It started between Mom and Charro the first night.
Although she wouldn’t admit it, Mom had been dreaming of the first night from the moment it was certain our family was really going to be part of the experiment, that we were really going to raise a chimp with our family.
Mom glossed over the rest of it: the fact that she would have to move me, my little sister Callie and my father out of Boston and to a town in the middle of nowhere, the middle of the Berkshires.
“I bet there aren’t even any other black people there,” I told her. “We’re going to be the only ones.”
“Not the only ones, Charlotte,” she said.
But still, before we left, she bought a case of hair grease and a case of activator spray as provisions, because she was certain the drug store in town wouldn’t carry them.
She tried not to think too much about all that. She told herself times were different–it was 1992 after all. Things would be different for her girls. When Mom did begin to think about it, the sweetness of having the baby chimp in her arms–he was going to be called Charro, how fitting, how lovely, he’d share the same initials as her daughters and her husband–all of that smoothed away any anticipatory awkwardness.
The organization that was sponsoring the experiment was called the Toneybee Institute for Ape Research. The director was a tall, girlish woman named Dr. Marietta Paulsen. Before we moved into the apartment inside the Institute’s walls, Dr. Paulsen spent hours talking to Mom about the guide- lines of the experiment. That this was about, first and foremost, language acquisition. Familial love was a close second but the key was communication. “We want to catch every nuance, every moment on the path to Charro learning to sign,” she said.
“Yes,” Mom said.
“So you have to live with him in an apartment in the Institute. We’re fitting it with surveillance cameras. Only in the common rooms–” Dr. Paulsen said, quickly, when she saw Mom hesitate. “And in Charro’s bedroom, of course. We need the footage if we’re going to make a credible case for language acquisition.”

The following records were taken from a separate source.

lemma borel_measurable_oscillation:
  fixes \<xi> :: "'a \<Rightarrow> 'b \<Rightarrow> real"
  assumes "countable S" and "\<And>s. s \<in> S \<Longrightarrow> \<xi> s \<in> borel_measurable M"
    and "\<And>\<omega> s. s \<in> S \<Longrightarrow> \<bar>\<xi> s \<omega>\<bar> \<le> B \<omega>"
  shows "(\<lambda>\<omega>. oscillation S d (\<lambda>x. \<xi> x \<omega>) r) \<in> borel_measurable M"
  unfolding oscillation_def
proof (rule borel_measurable_cSUP)
  show "countable {p \<in> S \<times> S. d (fst p) (snd p) < r}"
    using assms(1) by (auto intro: countable_subset[of _ "S \<times> S"])
  show "(\<lambda>\<omega>. \<bar>\<xi> (fst p) \<omega> - \<xi> (snd p) \<omega>\<bar>) \<in> borel_measurable M"
    if "p \<in> {p \<in> S \<times> S. d (fst p) (snd p) < r}" for p
    using that assms(2) by auto
  show "bdd_above ((\<lambda>p. \<bar>\<xi> (fst p) \<omega> - \<xi> (snd p) \<omega>\<bar>) ` {p \<in> S \<times> S. d (fst p) (snd p) < r})"
    for \<omega>
    using assms(3) by (intro bdd_above_oscillation) auto
qed

context Metric_space
begin

lemma oscillation_least:
  fixes f :: "'a \<Rightarrow> real"
  assumes "S \<subseteq> M" and "S \<noteq> {}" and "0 < r"
    and "\<And>s t. s \<in> S \<Longrightarrow> t \<in> S \<Longrightarrow> d s t < r \<Longrightarrow> \<bar>f s - f t\<bar> \<le> e"
  shows "oscillation S d f r \<le> e"
  unfolding oscillation_def
proof (rule cSUP_least)
  obtain s where "s \<in> S"
    using assms(2) by blast
  then show "{p \<in> S \<times> S. d (fst p) (snd p) < r} \<noteq> {}"
    using assms(1,3) by (auto intro!: exI[of _ s])
qed (use assms(4) in auto)

lemma oscillation_nonneg:
  fixes f :: "'a \<Rightarrow> real"
  assumes "\<forall>s\<in>S. \<bar>f s\<bar> \<le> B" and "S \<subseteq> M" and "S \<noteq> {}" and "0 < r"
  shows "0 \<le> oscillation S d f r"
proof -
  obtain s where "s \<in> S"
    using assms(3) by blast
  then show ?thesis
    using oscillation_ge[OF assms(1), of s s d r] assms(2,4) by auto
qed

lemma oscillation_le:
  fixes f :: "'a \<Rightarrow> real"
  assumes "\<forall>s\<in>S. \<bar>f s\<bar> \<le> B" and "S \<subseteq> M" and "S \<noteq> {}" and "0 < r"
  shows "oscillation S d f r \<le> 2 * B"
proof (rule oscillation_least[OF assms(2-4)])
  fix s t
  assume "s \<in> S" "t \<in> S"
  then have "\<bar>f s\<bar> \<le> B" "\<bar>f t\<bar> \<le> B"
    using assms(1) by auto
  then show "\<bar>f s - f t\<bar> \<le> 2 * B"
    using abs_triangle_ineq4[of "f s" "f t"] by linarith
qed

lemma continuous_map_bounded:
  fixes f :: "'a \<Rightarrow> real"
  assumes "compact_space mtopology" and "continuous_map mtopology euclidean f"
  shows "\<exists>B. \<forall>x\<in>M. \<bar>f x\<bar> \<le> B"
proof -
  have "compactin euclidean (f ` M)"
    using assms(1) image_compactin[OF _ assms(2), of M] by (simp add: compact_space_def)
  then have "bounded (f ` M)"
    by (simp add: compact_imp_bounded)
  then show ?thesis
    by (auto simp: bounded_iff)
qed

lemma continuous_map_uniformly_continuous:
  fixes f :: "'a \<Rightarrow> real"
  assumes "compact_space mtopology" and "continuous_map mtopology euclidean f" and "0 < e"
  shows "\<exists>\<tau>>0. \<forall>x\<in>M. \<forall>y\<in>M. d x y < \<tau> \<longrightarrow> \<bar>f x - f y\<bar> < e"
proof -
  have "uniformly_continuous_map (metric (M, d)) euclidean_metric f"
    by (rule continuous_imp_uniformly_continuous_map) (use assms(1,2) in simp)
  then obtain \<tau> where "0 < \<tau>" "\<forall>x\<in>M. \<forall>y\<in>M. d y x < \<tau> \<longrightarrow> dist (f y) (f x) < e"
    using assms(3) unfolding uniformly_continuous_map_def by auto
  then show ?thesis
    by (auto simp: dist_real_def)
qed

lemma oscillation_tendsto_zero:
  fixes f :: "'a \<Rightarrow> real"
  assumes "compact_space mtopology" and "continuous_map mtopology euclidean f"
    and "S \<subseteq> M" and "S \<noteq> {}" and "r \<longlonglongrightarrow> 0" and "\<And>m. 0 < r m"
  shows "(\<lambda>m. oscillation S d f (r m)) \<longlonglongrightarrow> 0"
proof (rule LIMSEQ_I)
  fix e :: real
  assume "0 < e"
  then have "0 < e / 2"
    by simp
  then obtain \<tau> where \<tau>: "0 < \<tau>" "\<forall>x\<in>M. \<forall>y\<in>M. d x y < \<tau> \<longrightarrow> \<bar>f x - f y\<bar> < e / 2"
    using continuous_map_uniformly_continuous[OF assms(1,2)] by blast
  obtain B where B: "\<forall>x\<in>M. \<bar>f x\<bar> \<le> B"
    using continuous_map_bounded[OF assms(1,2)] by blast
  obtain m0 where m0: "\<And>m. m0 \<le> m \<Longrightarrow> r m < \<tau>"
    using order_tendstoD(2)[OF assms(5) \<tau>(1)] by (auto simp: eventually_sequentially)
  have "norm (oscillation S d f (r m)) < e" if "m0 \<le> m" for m
  proof -
    have "oscillation S d f (r m) \<le> e / 2"
      using \<tau>(2) m0[OF that] assms(3) by (intro oscillation_least assms(3,4,6)) force
    moreover have "0 \<le> oscillation S d f (r m)"
      using B assms(3) by (intro oscillation_nonneg[of _ _ B] assms(3,4,6)) auto
    ultimately show ?thesis
      using \<open>0 < e\<close> by simp
  qed
  then show "\<exists>m0. \<forall>m\<ge>m0. norm (oscillation S d f (r m) - 0) < e"
    by auto
qed

lemma modulus_cont_zero:
  fixes f :: "'a \<Rightarrow> real"
  assumes "M \<noteq> {}"
  shows "modulus_cont M d f 0 = 0"
proof -
  have "d x y \<le> 0 \<longleftrightarrow> x = y" if "x \<in> M" "y \<in> M" for x y
    using nonneg[of x y] zero[OF that] by linarith
  then have "{(x, y). x \<in> M \<and> y \<in> M \<and> d x y \<le> 0} = (\<lambda>x. (x, x)) ` M"
    by auto
  then show ?thesis
    using assms by (simp add: modulus_cont_def image_image)
qed

lemma modulus_cont_le_oscillation:
  fixes f :: "'a \<Rightarrow> real"
  assumes "compact_space mtopology" and "continuous_map mtopology euclidean f"
    and "S \<subseteq> M" and dense: "\<And>x \<tau>. x \<in> M \<Longrightarrow> 0 < \<tau> \<Longrightarrow> \<exists>s\<in>S. d s x < \<tau>"
    and "M \<noteq> {}" and "0 \<le> \<delta>" and "\<delta> < r"
  shows "modulus_cont M d f \<delta> \<le> oscillation S d f r"
  unfolding modulus_cont_def
proof (rule cSUP_least)
  obtain x where "x \<in> M"
    using assms(5) by blast
  then have "(x, x) \<in> {(x, y). x \<in> M \<and> y \<in> M \<and> d x y \<le> \<delta>}"
    using assms(6) by simp
  then show "{(x, y). x \<in> M \<and> y \<in> M \<and> d x y \<le> \<delta>} \<noteq> {}"
    by blast
next
  obtain B where B: "\<forall>x\<in>M. \<bar>f x\<bar> \<le> B"
    using continuous_map_bounded[OF assms(1,2)] by blast
  fix p
  assume "p \<in> {(x, y). x \<in> M \<and> y \<in> M \<and> d x y \<le> \<delta>}"
  then obtain x y where p: "p = (x, y)" "x \<in> M" "y \<in> M" "d x y \<le> \<delta>"
    by auto
  have "\<bar>f x - f y\<bar> \<le> oscillation S d f r + e" if "0 < e" for e
  proof -
    have "0 < e / 2"
      using that by simp
    then obtain \<tau> where \<tau>: "0 < \<tau>" "\<forall>x\<in>M. \<forall>y\<in>M. d x y < \<tau> \<longrightarrow> \<bar>f x - f y\<bar> < e / 2"
      using continuous_map_uniformly_continuous[OF assms(1,2)] by blast
    define \<tau>' where "\<tau>' = min \<tau> ((r - \<delta>) / 2)"
    have "0 < \<tau>'"
      using \<tau>(1) assms(7) by (simp add: \<tau>'_def)
    then obtain s t where s: "s \<in> S" "d s x < \<tau>'" and t: "t \<in> S" "d t y < \<tau>'"
      using dense p(2,3) by meson
    have "s \<in> M" "t \<in> M"
      using s t assms(3) by auto
    have "d s t \<le> d s x + d x y + d y t"
      using triangle[of s x t] triangle[of x y t] \<open>s \<in> M\<close> \<open>t \<in> M\<close> p(2,3) by linarith
    then have "d s t < r"
      using s(2) t(2) p(4) commute[of y t] by (simp add: \<tau>'_def)
    then have "\<bar>f s - f t\<bar> \<le> oscillation S d f r"
      using B assms(3) s(1) t(1) by (intro oscillation_ge[of _ _ B]) auto
    moreover have "\<bar>f x - f s\<bar> < e / 2" "\<bar>f t - f y\<bar> < e / 2"
      using \<tau>(2) p(2,3) \<open>s \<in> M\<close> \<open>t \<in> M\<close> s(2) t(2) commute[of x s] by (auto simp: \<tau>'_def)
    ultimately show ?thesis
      by linarith
  qed
  then show "\<bar>f (fst p) - f (snd p)\<bar> \<le> oscillation S d f r"
    using p(1) by (auto intro: field_le_epsilon)
qed

lemma modulus_cont_le_scale_majorant:
  fixes f :: "'a \<Rightarrow> real" and \<theta> :: "nat \<Rightarrow> real" and h :: "real \<Rightarrow> real"
  assumes "compact_space mtopology" and "continuous_map mtopology euclidean f"
    and "S \<subseteq> M" and "\<And>x \<tau>. x \<in> M \<Longrightarrow> 0 < \<tau> \<Longrightarrow> \<exists>s\<in>S. d s x < \<tau>" and "M \<noteq> {}"
    and "\<theta> \<longlonglongrightarrow> 0" and "\<And>j. 0 < \<theta> j" and "\<And>j. 2 ^ j * oscillation S d f (\<theta> j) \<le> A"
    and "\<And>n x. \<theta> (Suc n) \<le> x \<Longrightarrow> (1/2) ^ n \<le> h x" and "h 0 = 0"
    and "0 \<le> \<delta>" and "\<delta> < \<theta> 0"
  shows "modulus_cont M d f \<delta> \<le> A * h \<delta>"
proof (cases "\<delta> = 0")
  case True
  then show ?thesis
    using assms(5,10) by (simp add: modulus_cont_zero)
next
  case False
  with assms(11) have "0 < \<delta>"
    by simp
  then obtain n where n: "\<delta> < \<theta> n" "\<theta> (Suc n) \<le> \<delta>"
    using exists_scale_bracket[OF assms(6) _ assms(12)] by blast
  obtain x where "x \<in> M"
    using assms(5) by blast
  then have "S \<noteq> {}"
    using assms(4)[of x 1] by auto
  obtain B where "\<forall>x\<in>M. \<bar>f x\<bar> \<le> B"
    using continuous_map_bounded[OF assms(1,2)] by blast
  then have "0 \<le> oscillation S d f (\<theta> 0)"
    using assms(3) by (intro oscillation_nonneg[OF _ assms(3) \<open>S \<noteq> {}\<close> assms(7)]) auto
  then have "0 \<le> A"
    using assms(8)[of 0] by simp
  have "modulus_cont M d f \<delta> \<le> oscillation S d f (\<theta> n)"
    using modulus_cont_le_oscillation[OF assms(1-5,11) n(1)] .
  also have "\<dots> \<le> A * (1/2) ^ n"
    using assms(8)[of n] by (simp add: field_simps)
  also have "\<dots> \<le> A * h \<delta>"
    using assms(9)[OF n(2)] \<open>0 \<le> A\<close> by (rule mult_left_mono)
  finally show ?thesis .
qed

end

section \<open>Modulus of continuity of random fields\<close>

lemma separable_field_dense:
  assumes "Metric_space X d" and "prob_space M" and "separable_field M X d \<xi>"
  shows "\<exists>S\<subseteq>X. countable S \<and> (\<forall>x \<tau>. x \<in> X \<longrightarrow> 0 < \<tau> \<longrightarrow> (\<exists>s\<in>S. d s x < \<tau>))"
proof -
  interpret Metric_space X d by fact
  obtain S N where "S \<subseteq> X" "countable S" "N \<in> null_sets M"
    and approx: "\<forall>\<omega>\<in>space M - N. \<forall>x\<in>X. \<exists>s :: nat \<Rightarrow> 'a. range s \<subseteq> S \<and>
       limitin mtopology s x sequentially \<and> (\<lambda>n. \<xi> (s n) \<omega>) \<longlonglongrightarrow> \<xi> x \<omega>"
    using assms(3) unfolding separable_field_def by blast
  have "space M - N \<noteq> {}"
    using \<open>N \<in> null_sets M\<close> prob_space.emeasure_space_1[OF assms(2)]
    by (metis Diff_eq_empty_iff emeasure_eq_0 null_setsD1 null_setsD2 zero_neq_one)
  then obtain \<omega> where \<omega>: "\<omega> \<in> space M - N"
    by blast
  have "\<exists>s\<in>S. d s x < \<tau>" if "x \<in> X" "0 < \<tau>" for x \<tau>
  proof -
    obtain s :: "nat \<Rightarrow> 'a" where "range s \<subseteq> S" "limitin mtopology s x sequentially"
      using approx \<omega> \<open>x \<in> X\<close> by meson
    moreover obtain n where "d (s n) x < \<tau>"
      using calculation(2) \<open>0 < \<tau>\<close> by (auto simp: limitin_metric eventually_sequentially)
    ultimately show ?thesis
      by auto
  qed
  then show ?thesis
    using \<open>S \<subseteq> X\<close> \<open>countable S\<close> by blast
qed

Dr. Paulsen was as eager to have Mom sign on to the experiment as Mom was to have Charro. Mom was the only applicant to the position whose children already knew sign language. No one in our family was deaf. Mom had become obsessed with sign language as a lonely and bookish child. She taught it to herself out of molding dictionaries she ordered specially through interlibrary loan. It was lucky for her that her college studies and early career coincided with a rebirth of American Sign Language. But even without this new, official sanction, she would have used it and taught it to her children anyways. She thought of it as the most perfect of languages–all elegant gesture, no imprecise spoken words–and she considered me and my sister Callie privileged to have learned it.
Mom understood, in her head at least, that this was strictly a scientific endeavor. After all, she thought of herself, in her work back in Boston as a teacher in a state hospital, as a kind of scientist, too. Mom suggested which signs Charro might be taught first. What, in her twenty year’s worth of knowledge of sign language, might help him learn fastest. But in her heart, she had the fantasy of that first perfect night. She imagined my little sister, Callie, snuggling close to Charro on a cot, and Dad and me hovering close by with blankets and bottles to help. She imagined herself rocking him to sleep, comforting him with some magical, instantaneous bond that would go beyond language. But it didn’t happen that way.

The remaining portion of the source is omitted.